BEGIN Data provided

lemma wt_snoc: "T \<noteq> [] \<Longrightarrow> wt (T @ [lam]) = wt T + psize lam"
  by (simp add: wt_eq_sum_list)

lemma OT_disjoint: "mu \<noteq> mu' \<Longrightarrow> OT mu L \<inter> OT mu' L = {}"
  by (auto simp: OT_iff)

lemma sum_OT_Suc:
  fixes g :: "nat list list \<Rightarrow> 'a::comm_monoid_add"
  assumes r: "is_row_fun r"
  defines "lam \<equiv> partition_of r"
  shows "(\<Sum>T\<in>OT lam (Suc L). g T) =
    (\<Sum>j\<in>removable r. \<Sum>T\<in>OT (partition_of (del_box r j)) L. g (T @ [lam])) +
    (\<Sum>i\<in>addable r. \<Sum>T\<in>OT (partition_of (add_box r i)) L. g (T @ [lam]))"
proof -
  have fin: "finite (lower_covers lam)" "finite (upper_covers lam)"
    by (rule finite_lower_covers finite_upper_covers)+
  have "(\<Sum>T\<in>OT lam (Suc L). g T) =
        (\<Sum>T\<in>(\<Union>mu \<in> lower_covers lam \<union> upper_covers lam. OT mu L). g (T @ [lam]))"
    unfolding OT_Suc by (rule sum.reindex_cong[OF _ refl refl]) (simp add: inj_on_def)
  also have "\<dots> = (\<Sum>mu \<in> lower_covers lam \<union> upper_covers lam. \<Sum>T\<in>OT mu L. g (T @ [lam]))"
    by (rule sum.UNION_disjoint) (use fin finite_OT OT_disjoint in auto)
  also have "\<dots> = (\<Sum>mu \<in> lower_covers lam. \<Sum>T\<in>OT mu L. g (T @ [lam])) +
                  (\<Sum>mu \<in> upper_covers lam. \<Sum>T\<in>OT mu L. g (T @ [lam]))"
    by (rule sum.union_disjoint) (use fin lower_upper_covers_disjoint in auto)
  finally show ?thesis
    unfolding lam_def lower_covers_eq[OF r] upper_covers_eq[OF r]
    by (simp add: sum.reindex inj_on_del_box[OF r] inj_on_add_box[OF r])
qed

END Data provided
BEGIN Data provided

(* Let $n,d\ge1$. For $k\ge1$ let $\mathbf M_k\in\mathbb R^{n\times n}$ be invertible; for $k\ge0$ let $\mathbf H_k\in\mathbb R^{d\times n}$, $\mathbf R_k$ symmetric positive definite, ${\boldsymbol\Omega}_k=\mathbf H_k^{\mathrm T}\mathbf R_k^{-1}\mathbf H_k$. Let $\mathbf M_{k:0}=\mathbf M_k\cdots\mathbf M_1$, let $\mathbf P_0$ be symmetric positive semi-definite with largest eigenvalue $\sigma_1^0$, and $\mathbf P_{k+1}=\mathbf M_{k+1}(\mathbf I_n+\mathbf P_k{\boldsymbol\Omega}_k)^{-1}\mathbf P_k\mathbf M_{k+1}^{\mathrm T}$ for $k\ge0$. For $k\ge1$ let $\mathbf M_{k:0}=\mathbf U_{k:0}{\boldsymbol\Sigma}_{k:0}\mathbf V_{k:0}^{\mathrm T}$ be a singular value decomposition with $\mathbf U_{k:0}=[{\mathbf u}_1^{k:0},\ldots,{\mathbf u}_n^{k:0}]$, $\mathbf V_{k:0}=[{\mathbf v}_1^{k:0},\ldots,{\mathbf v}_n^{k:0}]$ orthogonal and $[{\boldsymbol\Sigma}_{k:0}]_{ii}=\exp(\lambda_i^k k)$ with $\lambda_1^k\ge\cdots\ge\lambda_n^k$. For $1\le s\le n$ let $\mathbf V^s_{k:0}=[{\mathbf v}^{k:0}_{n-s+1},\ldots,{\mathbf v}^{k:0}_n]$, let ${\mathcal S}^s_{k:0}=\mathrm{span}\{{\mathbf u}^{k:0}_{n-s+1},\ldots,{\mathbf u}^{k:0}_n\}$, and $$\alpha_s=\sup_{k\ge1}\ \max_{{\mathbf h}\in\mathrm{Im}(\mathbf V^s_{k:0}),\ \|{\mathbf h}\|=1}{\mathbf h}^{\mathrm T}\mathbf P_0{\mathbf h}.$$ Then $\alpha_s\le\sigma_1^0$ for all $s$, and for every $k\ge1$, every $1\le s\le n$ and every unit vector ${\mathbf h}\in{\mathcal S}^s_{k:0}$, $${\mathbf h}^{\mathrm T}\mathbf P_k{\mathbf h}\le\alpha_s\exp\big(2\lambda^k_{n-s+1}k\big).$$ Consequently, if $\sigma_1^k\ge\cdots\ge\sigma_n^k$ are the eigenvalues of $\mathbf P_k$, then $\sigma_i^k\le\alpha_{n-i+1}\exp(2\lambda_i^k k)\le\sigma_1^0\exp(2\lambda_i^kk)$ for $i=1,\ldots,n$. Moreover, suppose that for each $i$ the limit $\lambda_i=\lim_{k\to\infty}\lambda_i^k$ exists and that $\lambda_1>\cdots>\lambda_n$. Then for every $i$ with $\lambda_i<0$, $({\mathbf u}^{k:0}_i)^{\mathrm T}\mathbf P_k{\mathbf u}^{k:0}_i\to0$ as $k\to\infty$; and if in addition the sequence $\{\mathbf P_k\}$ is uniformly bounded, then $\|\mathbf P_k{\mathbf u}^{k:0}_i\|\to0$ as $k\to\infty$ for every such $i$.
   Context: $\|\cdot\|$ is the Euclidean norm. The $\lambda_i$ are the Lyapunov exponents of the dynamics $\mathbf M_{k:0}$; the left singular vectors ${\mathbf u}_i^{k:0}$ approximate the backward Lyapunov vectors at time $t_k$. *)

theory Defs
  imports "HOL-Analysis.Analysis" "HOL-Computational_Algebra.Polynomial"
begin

END Data provided

__What to do__: Could you state how many lines of the data include the word "also"? Only the number is needed.

__Task answer__: 2